Notably, the most numerous kuudere characters are actually… male. Shoujo series are pretty much rife with the outwardly cold but kindhearted prince archetype, giving further warrant to my assertion as to the gender-free nature of this particular form of moe. The reason why we’re attracted to a kuudere girl is the same reason why anybody, boy or girl, are attracted to elegance and class; the reason why admiration turns to longing is the same reason why anybody would want to protect anybody else once they’ve been allowed to see vulnerability.

To embrace somebody else’s vulnerability is, simply, to allow yourself to drop your own safeguards and armor – accepting somebody else’s trust is to trust them with your own weaknesses. But, as anybody who’s ever made a snow cave before, it’s a hell of a lot warmer with two than one.

Snow cave... right?

Snow cave... right?


~ by Gonzo Mehum on April 4, 2009.

12 Responses to “GS: The Deconstruction of Moe Subculture – EXTRA STAGE: Kuudere”

  1. hm. wouldn’t eva’s good ol’ ayanami be a kuudere, by that description?

  2. Rei02, maybe. Or 01 /and/ 02. 03 was an outright doll, though.

  3. Nice cave.

  4. Is a doll another part of the moe subculture, then? :P

  5. Hrm. Would Sakaki from Azumanga Daioh fit the trope? She certainly seems to have all of the elements, except her “cool” is totally projected on to her by others, instead of being something she generates herself.

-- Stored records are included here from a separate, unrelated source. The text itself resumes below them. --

(* Assume $\sum_j2^j\eta_j=\infty$, $\theta<1$ and $\widetilde h=\infty$. Then with probability one: (1) for every $u\in\mathcal{U}$, the set $u\mathcal{U}^*\cap\widetilde S$ is nonempty; (2) there is a real $\widetilde\kappa\ge1$ such that $\#\widetilde S_j\le\widetilde\kappa\,2^j\eta_{j-1}j^2$ for all $j\ge1$; (3) if $\theta<0$ then $\Theta=\emptyset$; if $\theta\ge0$ then there is a real $\kappa\ge1$ such that $\#S_j\le\kappa\,2^{(1-\theta)j/2}\prod_{\ell=\underline{j}}^{j-1}\gamma_\ell$ for all $j\ge0$ (empty products equal $1$).
   Context: Let $\mathbb{T}=\mathbb{R}/\mathbb{Z}$ with canonical surjection $\phi:\mathbb{R}\to\mathbb{T}$. Let $\mathcal{U}=\{\varnothing\}\cup\bigcup_{j\ge1}\{0,1\}^j$ be the set of finite words over $\{0,1\}$; for $u=u_1\dots u_j$ write $|u|=j$ ($|\varnothing|=0$), $\pi(u)=u_1\dots u_{j-1}$ for $j\ge1$, $\mathcal{U}^*=\mathcal{U}\setminus\{\varnothing\}$, and $u\mathcal{U}$ (resp. $u\mathcal{U}^*$) for the words $uw$ with $w\in\mathcal{U}$ (resp. $w\in\mathcal{U}^*$). For each $j\ge0$, $\nu_{0,j},\nu_{1,j}$ are probability measures on $\{0,1\}^2$, and $X=(X_u)_{u\in\mathcal{U}}$ is a $\{0,1\}$-valued process with $\mathbb{P}((X_{u0},X_{u1})\in A\mid\mathcal{G}_u)=\nu_{X_u,|u|}(A)$ for all $u$, $A\subseteq\{0,1\}^2$, where $\mathcal{G}_u=\sigma(X_v:v\in\mathcal{U}\setminus u\mathcal{U}^* )$. Fix $\underline{h}>0$. Parameters: $\gamma_j=2\nu_{1,j}(\{(1,1)\})+\nu_{1,j}(\{(1,0),(0,1)\})$; $\eta_j=1-\nu_{0,j}(\{(0,0)\})$; $\underline{j}=\inf\{j_0\ge0:\gamma_j>0\ \forall j\ge j_0\}$; $\theta=\liminf_j\frac{\log\gamma_{\underline{j}}+\dots+\log\gamma_j}{j\log2}$ if $\underline{j}<\infty$, else $-\infty$; $\widetilde h=\inf\{h>0:\sum_j2^{(1-\underline{h}/h)j}\eta_j=\infty\}$ ($\inf\emptyset=\infty$). $S_j=\{u:|u|=j,X_u=1\}$; $\widetilde S=\{u\in\mathcal{U}^*:X_u=1,X_{\pi(u)}=0\}$ and $\widetilde S_j=\widetilde S\cap\{0,1\}^j$. $\Theta$: for $u\in\mathcal{U}$, $\tau_u=\{v\in u\mathcal{U}:X_{v_1\dots v_j}=1\ \forall j\in\{|u|,\dots,|v|\}\}$, $\partial\tau_u=\{\zeta\in\{0,1\}^{\mathbb{N}}:\zeta_1\dots\zeta_j\in\tau_u\ \forall j\ge|u|\}$, and $\Theta=\phi(\{\sum_{j\ge1}\zeta_j2^{-j}:u\in\mathcal{U},\zeta\in\partial\tau_u\})$. *)

theory Defs
  imports "HOL-Probability.Probability"
begin

text \<open>Words over {0,1} are bool lists (False = 0, True = 1); the word u0 is u @ [False],
  u1 is u @ [True]; |u| = length u; \<pi>(u) = butlast u.
  The measures \<nu>_{i,j} on {0,1}^2 are pmfs nu i j on bool \<times> bool (i = X_u, False = 0).
  The process X : bool list \<Rightarrow> \<Omega> \<Rightarrow> bool, X u \<omega> = True meaning X_u = 1.\<close>

definition strict_desc :: "bool list \<Rightarrow> bool list set" where
  "strict_desc u = {u @ w | w. w \<noteq> []}"

definition G_alg :: "'a measure \<Rightarrow> (bool list \<Rightarrow> 'a \<Rightarrow> bool) \<Rightarrow> bool list \<Rightarrow> 'a measure" where
  "G_alg M X u = sigma (space M) {X v -` B \<inter> space M | v B. v \<notin> strict_desc u}"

  6. The superior insulatory effects of snow arise from the fact that a random agglomeration of independent crystalline structures is bound to contain a large space-to-volume ratio, trapping gases within the structure that impede the transfer of heat by dint of the relatively low coefficient of thermal conduction of gases compared to solids. Since the gas (heretofore assumed to be standard air) trapped in the structure is assumed to be stagnant (snow is very fragile and any air circulation may cause damage to the aggregate structure and change the nature of all the assumptions in this statement, and because it lets us ignore convection) the only appreciable method of heat transfer within the snow is conduction between the air pockets and the aggregate structure, which is impeded for the reasons mentioned above: namely, the low thermal conductivity of gas compared to solids and the high space-to-volume ratio, as opposed to Japanese words that I did not read before writing this comment.

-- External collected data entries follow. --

lemma desc_extends_into_Sgt:
  assumes "T \<in> desc d k S" and "S \<in> Vset d k"
  shows "S \<subseteq> T \<and> T - S \<subseteq> Sgt d S \<and> T \<in> Vset d k"
  using assms(1) unfolding desc_def mem_Collect_eq
proof (induction rule: rtrancl_induct)
  case base
  then show ?case using assms(2) by auto
next
  case (step T T')
  have T'V: "T' \<in> Vset d k" and "T' \<noteq> {}" and T: "T = T' - {Max T'}"
    using step(2) unfolding Edges_def max0_def by auto
  have "finite T'"
    using T'V unfolding Vset_def by (auto intro: finite_subset)
  then have "Max T' \<in> T'"
    using \<open>T' \<noteq> {}\<close> by simp
  have "S \<subseteq> T'" and "Max T' \<notin> S"
    using step.IH T by auto
  have "max0 S < Max T'"
  proof (cases "S = {}")
    case True
    then show ?thesis
      using \<open>Max T' \<in> T'\<close> T'V unfolding Vset_def max0_def by auto
  next
    case False
    then have "Max S \<in> S"
      using \<open>S \<subseteq> T'\<close> \<open>finite T'\<close> finite_subset by (metis Max_in)
    then have "Max S < Max T'"
      using \<open>S \<subseteq> T'\<close> \<open>finite T'\<close> \<open>Max T' \<notin> S\<close> by (metis Max_ge subsetD order.not_eq_order_implies_strict)
    then show ?thesis
      using False unfolding max0_def by simp
  qed
  then have "Max T' \<in> Sgt d S"
    using \<open>Max T' \<in> T'\<close> T'V unfolding Vset_def Sgt_def by auto
  then show ?case
    using step.IH \<open>S \<subseteq> T'\<close> T'V T by auto
qed

lemma Lstar_Fenchel_Young:
  assumes "Lstar L \<beta> < \<infinity>"
  shows "\<beta> \<bullet> y - L y \<le> real_of_ereal (Lstar L \<beta>)"
proof -
  have "ereal (\<beta> \<bullet> y' - L y') \<le> Lstar L \<beta>" for y'
    unfolding Lstar_def by (rule SUP_upper) simp
  moreover from this[of y] obtain r where "Lstar L \<beta> = ereal r"
    using assms by (cases "Lstar L \<beta>") auto
  ultimately show ?thesis
    by (metis ereal_less_eq(3) real_of_ereal.simps(1))
qed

    Am I writing this comment instead of doing my heat transfer homework? I won’t tell you.

  7. @silver – Sakaki’s kuudere trait pretty much is entirely externally-driven. She’s a very nice, very unassuming girl otherwise… with an unpleasant tendency to get cat-bitten.

    @rusty – DO YOUR HOMEWORK.

  8. @Gonzo: Well, yeah. That was the point. Since she’s playing with the trope, I wondered whether she fit still or is supposed to be outside it, because everyone, except Chiyo-chan, thinks she fits.

  9. @silver – Sorry, should’ve clarified. The /audience/ (and Chiyo) knows she isn’t kuudere. Her classmates’ mistaken impression of otherwise is due mainly to the fact that she has the physical characteristics… but not the behavioral ones.

  10. @Gonzo: Got it. Impostor at best, and so not really part of the trope. Thanks for clarifying.

  11. While you emphasize the regal aspect of this archetype, I think it is not necessarily the most major facet. For many personalities I think the overarching theme is “ignorance” or “naivete”. This condition results in the obligation for the protangonist to educate the character and brings on the protective and caring feelings that define moe for many. While “coolness” is an attractive factor, I think that being relied on to serve as the introducer to society to be the biggest appeal.

  12. so, kuudere is cold-warm and tsundere is more like violent-gentle? If that so, I think Fujioka Haruhi from Ouran High School Host Club can be categorized as kuudere and Sawachika Eri from School rumble as tsundere.. Is that right?